Hi! While I understand how to implement forward propagation algorithm ,as it was described in machine learning specialization course 2, I found it difficult to understand how exactly our model is learning proper weights? First we generate some random weights to start with something. Then we feed our first neuron with them and with X. Next step is to apply activation function in case of my scenario it is sigmoid. We repeat over and over. Where exactly is the learning part? I suppose it’s about how sigmoid function works but I might be wrong. Thanks and wish you all the best.
My attempt to explain in a mostly non-mathematical way…
- Run forward propagation and produce an output value (prediction)
- Compute error between prediction and known correct value. (Loss Function)
- Make a small change in each weight in the direction that you think will reduce total error. (Backwards Propagation)
- Repeat
This process of iterating many times to gradually reduce error between predicted and correct known value we anthropomorphize as learning.
Note that math powers both the ‘compute the error’ and the ‘in the direction of reducing total error’ parts, and to really understand what learning means, you need to read and comprehend those equations/expressions.
EDIT: @TMosh uses the important word gradient below, which is part of the ‘in the direction of reducing error’ computation. Learning is a much more accessible way of describing this process than iterative first-order optimization of a locally differentiable function
Using TensorFlow or sklearn, the learning happens behind the scenes. When you fit a model, in the background the layers are computing the gradients based on the results of forward propagation as @ai_curious described. This learning process (updating the initial weights) is the step 3 in his reply.

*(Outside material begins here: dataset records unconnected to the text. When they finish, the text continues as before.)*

(* Let $\nu$ be a Borel probability measure on $\operatorname{Hom}(\mathbb{S}^1)$ such that $\Gamma_\nu$ is proximal and does not fix any point in $\mathbb{S}^1$, and let $\eta$ be the (unique) $\nu$-stationary probability measure. Then there exist a sequence $(g_n)_{n\in\mathbb{N}}$ in $\Gamma_\nu$ and a point $z\in\mathbb{S}^1$ such that $(g_n)_*\eta\to\delta_z$ in the weak-$*$ topology.
   Context: $\mathbb{S}^1=\mathbb{R}/\mathbb{Z}$ with usual metric $d$; $\operatorname{Hom}(\mathbb{S}^1)$ is the group of all homeomorphisms of $\mathbb{S}^1$. $X_\nu$ is the topological support of $\nu$, and $\Gamma_\nu$ is the semigroup generated by $X_\nu$, here taken to contain the identity. $\Gamma_\nu$ is proximal if for all $x,y$ there exists $(g_n)$ in $\Gamma_\nu$ with $d(g_n(x),g_n(y))\to0$; it does not fix any point if there is no $x$ with $f(x)=x$ for all $f\in\Gamma_\nu$. A probability measure $\eta$ is $\nu$-stationary if $\eta=\int_{X_\nu}f_*\eta\,d\nu(f)$. *)

theory Defs
  imports "HOL-Probability.Probability"
begin

definition S1 :: "complex set" where
  "S1 = sphere 0 1"

text \<open>Homeomorphisms of S^1, as maps complex => complex that are the identity
  off the circle (so that each homeomorphism has a unique representative).\<close>
definition HomS1 :: "(complex \<Rightarrow> complex) set" where
  "HomS1 = {f. (\<exists>g. homeomorphism S1 S1 f g) \<and> (\<forall>x. x \<notin> S1 \<longrightarrow> f x = x)}"

definition udist :: "(complex \<Rightarrow> complex) \<Rightarrow> (complex \<Rightarrow> complex) \<Rightarrow> real" where
  "udist f g = (SUP x\<in>S1. dist (f x) (g x))"

definition HomS1_top :: "(complex \<Rightarrow> complex) topology" where
  "HomS1_top = topology (\<lambda>U. U \<subseteq> HomS1 \<and>
      (\<forall>f\<in>U. \<exists>e>0. \<forall>g\<in>HomS1. udist f g < e \<longrightarrow> g \<in> U))"

definition HomS1_borel :: "(complex \<Rightarrow> complex) measure" where
  "HomS1_borel = sigma HomS1 {U. openin HomS1_top U}"

definition S1_borel :: "complex measure" where
  "S1_borel = restrict_space borel S1"

definition supp :: "(complex \<Rightarrow> complex) measure \<Rightarrow> (complex \<Rightarrow> complex) set" where
  "supp \<nu> = {f \<in> HomS1. \<forall>U. openin HomS1_top U \<and> f \<in> U \<longrightarrow> emeasure \<nu> U > 0}"

inductive_set Gamma_nu :: "(complex \<Rightarrow> complex) measure \<Rightarrow> (complex \<Rightarrow> complex) set"
  for \<nu> where
  Gamma_nu_id: "id \<in> Gamma_nu \<nu>"
| Gamma_nu_comp: "f \<in> supp \<nu> \<Longrightarrow> g \<in> Gamma_nu \<nu> \<Longrightarrow> f \<circ> g \<in> Gamma_nu \<nu>"

definition proximal :: "(complex \<Rightarrow> complex) set \<Rightarrow> bool" where
  "proximal G \<longleftrightarrow> (\<forall>x\<in>S1. \<forall>y\<in>S1. \<exists>g::nat \<Rightarrow> complex \<Rightarrow> complex.
      (\<forall>n. g n \<in> G) \<and> (\<lambda>n. dist (g n x) (g n y)) \<longlonglongrightarrow> 0)"

definition fixes_point :: "(complex \<Rightarrow> complex) set \<Rightarrow> bool" where
  "fixes_point G \<longleftrightarrow> (\<exists>x\<in>S1. \<forall>f\<in>G. f x = x)"

definition stationary :: "(complex \<Rightarrow> complex) measure \<Rightarrow> complex measure \<Rightarrow> bool" where
  "stationary \<nu> \<eta> \<longleftrightarrow> (\<forall>A\<in>sets S1_borel.
      emeasure \<eta> A = (\<integral>\<^sup>+ f. emeasure \<eta> (f -` A \<inter> space \<eta>) \<partial>\<nu>))"

definition weak_star_to_dirac :: "(nat \<Rightarrow> complex measure) \<Rightarrow> complex \<Rightarrow> bool" where
  "weak_star_to_dirac \<mu> z \<longleftrightarrow> (\<forall>\<phi>::complex \<Rightarrow> real. continuous_on S1 \<phi> \<longrightarrow>
      (\<lambda>n. \<integral>x. \<phi> x \<partial>(\<mu> n)) \<longlonglongrightarrow> \<phi> z)"

end

theory Submission
  imports Defs
begin

text \<open>
  Fix \<open>\<epsilon> > 0\<close>. Cover the circle by finitely many balls whose punctured versions have
  \<open>\<eta>\<close>-measure below \<open>\<epsilon>\<close> and cut the circle at their centres and boundary points: this
  gives a finite set \<open>F\<close> such that every connected subset of \<open>S1 - F\<close> has measure below
  \<open>\<epsilon>\<close>. Proximality and compactness of \<open>S1 \<times> S1\<close> give, by induction on \<open>F\<close>, some
  \<open>h \<in> Gamma_nu \<nu>\<close> mapping \<open>F\<close> into the \<open>\<epsilon>\<close>-ball around a point \<open>c\<close>. Since \<open>h\<close> is a
  homeomorphism, the preimage of the arc outside that ball is connected and misses \<open>F\<close>, so
  \<open>h\<close> moves all but \<open>\<epsilon>\<close> of the mass of \<open>\<eta>\<close> into the ball. Letting \<open>\<epsilon> \<rightarrow> 0\<close> along a
  subsequence on which the centres converge to \<open>z\<close> yields \<open>h\<^sub>n\<^sub>* \<eta> \<rightarrow> \<delta>\<^sub>z\<close>.
\<close>

section \<open>The circle\<close>

lemma mem_S1: "y \<in> S1 \<longleftrightarrow> cmod y = 1"
  unfolding S1_def by simp

lemma S1_Re_Im: "y \<in> S1 \<Longrightarrow> Re y ^ 2 + Im y ^ 2 = 1"
  unfolding mem_S1 by (metis cmod_power2 power_one)

lemma S1_Im_cases:
  assumes "w \<in> S1"
  shows "Im w = sqrt (1 - Re w ^ 2) \<or> Im w = - sqrt (1 - Re w ^ 2)"
proof -
  have "sqrt (1 - Re w ^ 2) = \<bar>Im w\<bar>"
    using S1_Re_Im[OF assms] by (metis add_diff_cancel_left' real_sqrt_abs)
  then show ?thesis
    by linarith
qed

lemma dist_S1_power2:
  assumes "c \<in> S1" "y \<in> S1"
  shows "(dist c y)^2 = 2 - 2 * Re (y * cnj c)"
proof -
  have "(dist c y)^2 = (Re c - Re y)^2 + (Im c - Im y)^2"
    by (simp add: dist_norm cmod_power2)
  then show ?thesis
    using S1_Re_Im[OF assms(1)] S1_Re_Im[OF assms(2)] by (simp add: power2_diff algebra_simps)
qed

lemma S1_rotate_level_set:
  assumes "c \<in> S1"
  shows "{y \<in> S1. P (Re (y * cnj c))} = (\<lambda>w. w * c) ` {w \<in> S1. P (Re w)}"
proof -
  have cc: "c * cnj c = 1"
    using assms unfolding mem_S1 by (simp add: complex_norm_square[symmetric])
  have cancel: "(w * c) * cnj c = w" for w
    using cc by (simp add: mult.assoc)
  have "y \<in> (\<lambda>w. w * c) ` {w \<in> S1. P (Re w)}" if "y \<in> S1" "P (Re (y * cnj c))" for y
  proof
    show "y = (y * cnj c) * c"
      using cc by (simp add: mult.assoc mult.commute)
    show "y * cnj c \<in> {w \<in> S1. P (Re w)}"
      using that assms by (simp add: mem_S1 norm_mult)
  qed
  moreover have "w * c \<in> S1 \<and> P (Re (w * c * cnj c))" if "w \<in> S1" "P (Re w)" for w
    unfolding cancel using that assms by (simp add: mem_S1 norm_mult)
  ultimately show ?thesis
    by blast
qed

lemma finite_S1_Re_eq: "finite {w \<in> S1. Re w = t}"
proof (rule finite_subset)
  let ?s = "sqrt (1 - t^2)"
  show "{w \<in> S1. Re w = t} \<subseteq> {Complex t ?s, Complex t (- ?s)}"
  proof
    fix w assume w: "w \<in> {w \<in> S1. Re w = t}"
    then have "Im w = ?s \<or> Im w = - ?s"
      using S1_Im_cases by force
    then show "w \<in> {Complex t ?s, Complex t (- ?s)}"
      using w by (auto simp: complex_eq_iff)
  qed
qed simp

lemma connected_S1_Re_le: "connected {w \<in> S1. Re w \<le> t}"
proof (cases "t < -1 \<or> 1 \<le> t")
  case True
  moreover have "\<bar>Re w\<bar> \<le> 1" if "w \<in> S1" for w
    using that abs_Re_le_cmod[of w] unfolding mem_S1 by simp
  ultimately have "{w \<in> S1. Re w \<le> t} = {} \<or> {w \<in> S1. Re w \<le> t} = S1"
    by force
  then show ?thesis
    unfolding S1_def by (metis connected_empty connected_sphere DIM_complex order_refl)
next
  case False
  define arc where "arc s = (\<lambda>x. Complex x (s * sqrt (1 - x^2))) ` {-1..t}" for s :: real
  have "connected (arc s)" for s
    unfolding arc_def by (intro connected_continuous_image connected_Icc continuous_intros)
  moreover have "-1 \<in> arc 1 \<inter> arc (-1)"
    using False unfolding arc_def by (force simp: complex_eq_iff)
  moreover have "{w \<in> S1. Re w \<le> t} = arc 1 \<union> arc (-1)"
  proof
    show "{w \<in> S1. Re w \<le> t} \<subseteq> arc 1 \<union> arc (-1)"
    proof
      fix w assume w: "w \<in> {w \<in> S1. Re w \<le> t}"
      then have "\<bar>Re w\<bar> \<le> 1"
        using abs_Re_le_cmod[of w] unfolding mem_S1 by simp
      then have "Re w \<in> {-1..t}" using w by auto
      moreover have "Im w = sqrt (1 - Re w ^ 2) \<or> Im w = - sqrt (1 - Re w ^ 2)"
        using S1_Im_cases w by blast
      ultimately show "w \<in> arc 1 \<union> arc (-1)"
        unfolding arc_def by (auto simp: image_iff complex_eq_iff intro!: bexI[of _ "Re w"])
    qed
    show "arc 1 \<union> arc (-1) \<subseteq> {w \<in> S1. Re w \<le> t}"
    proof
      fix w assume "w \<in> arc 1 \<union> arc (-1)"
      then obtain x where x: "x \<in> {-1..t}"
        and "w = Complex x (sqrt (1 - x^2)) \<or> w = Complex x (- sqrt (1 - x^2))"
        unfolding arc_def by auto
      moreover have "x^2 \<le> 1"
        using x False by (auto simp: abs_square_le_1)
      ultimately show "w \<in> {w \<in> S1. Re w \<le> t}"
        by (auto simp: mem_S1 cmod_def)
    qed
  qed
  ultimately show ?thesis
    using connected_Un[of "arc 1" "arc (-1)"] by auto
qed

lemma finite_S1_Int_sphere:
  assumes "c \<in> S1"
  shows "finite (S1 \<inter> sphere c r)"
proof (rule finite_subset)
  show "S1 \<inter> sphere c r \<subseteq> {y \<in> S1. Re (y * cnj c) = 1 - r^2 / 2}"
  proof
    fix y assume y: "y \<in> S1 \<inter> sphere c r"
    then have "(dist c y)^2 = 2 - 2 * Re (y * cnj c)" and "dist c y = r"
      using dist_S1_power2[OF assms] by auto
    then have "r^2 = 2 - 2 * Re (y * cnj c)"
      by metis
    then have "Re (y * cnj c) = 1 - r^2 / 2"
      by linarith
    with y show "y \<in> {y \<in> S1. Re (y * cnj c) = 1 - r^2 / 2}"
      by blast
  qed
  show "finite {y \<in> S1. Re (y * cnj c) = 1 - r^2 / 2}"
    unfolding S1_rotate_level_set[OF assms, of "\<lambda>x. x = 1 - r^2 / 2"]
    by (intro finite_imageI finite_S1_Re_eq)
qed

The same process is discussed in the earlier portions of the MSL course, where you implement functions that are usually called “compute_gradients” and “update_parameters()”.
If you haven’t reached that point yet, you’ll get there soon.
The thing is code which was introduced as ,from scratch neural network" is looking like that:
def my_dense(a_in, W, b):
“”"
Computes dense layer
Args:
a_in (ndarray (n, )) : Data, 1 example
W (ndarray (n,j)) : Weight matrix, n features per unit, j units
b (ndarray (j, )) : bias vector, j units
Returns
a_out (ndarray (j,)) : j units|
“”"
units = W.shape[1]
print(f"units {units}“)
a_out = np.zeros(units)
for j in range(units):
w = W[:,j]
print(f"w {w}”)
z = np.dot(w, a_in) + b[j]
a_out[j] = g(z) # g(z) is just a sigmoid function
return(a_out)
def my_sequential(x, W1, b1, W2, b2):
a1 = my_dense(x, W1, b1)
a2 = my_dense(a1, W2, b2)
return(a2)
def my_predict(X, W1, b1, W2, b2):
m = X.shape[0]
p = np.zeros((m,1))
for i in range(m):
p[i,0] = my_sequential(X[i], W1, b1, W2, b2)
return(p)
I don’t understand where is gradient in this code. It’s just passing inputs computed with sigmoid g(z) function to next layers, without performing any gradient.
Nevermind i just found out that above this code we generate weights with keras model and then we pass them to our code. Thanks for help!
What your code fragment doesn’t include is any training loop. This is where the iterative computation of prediction, error, and gradient occurs. As shown, your model isn’t doing any learning and your observation is entirely correct…it’s just making a prediction on one static set of weights and inputs.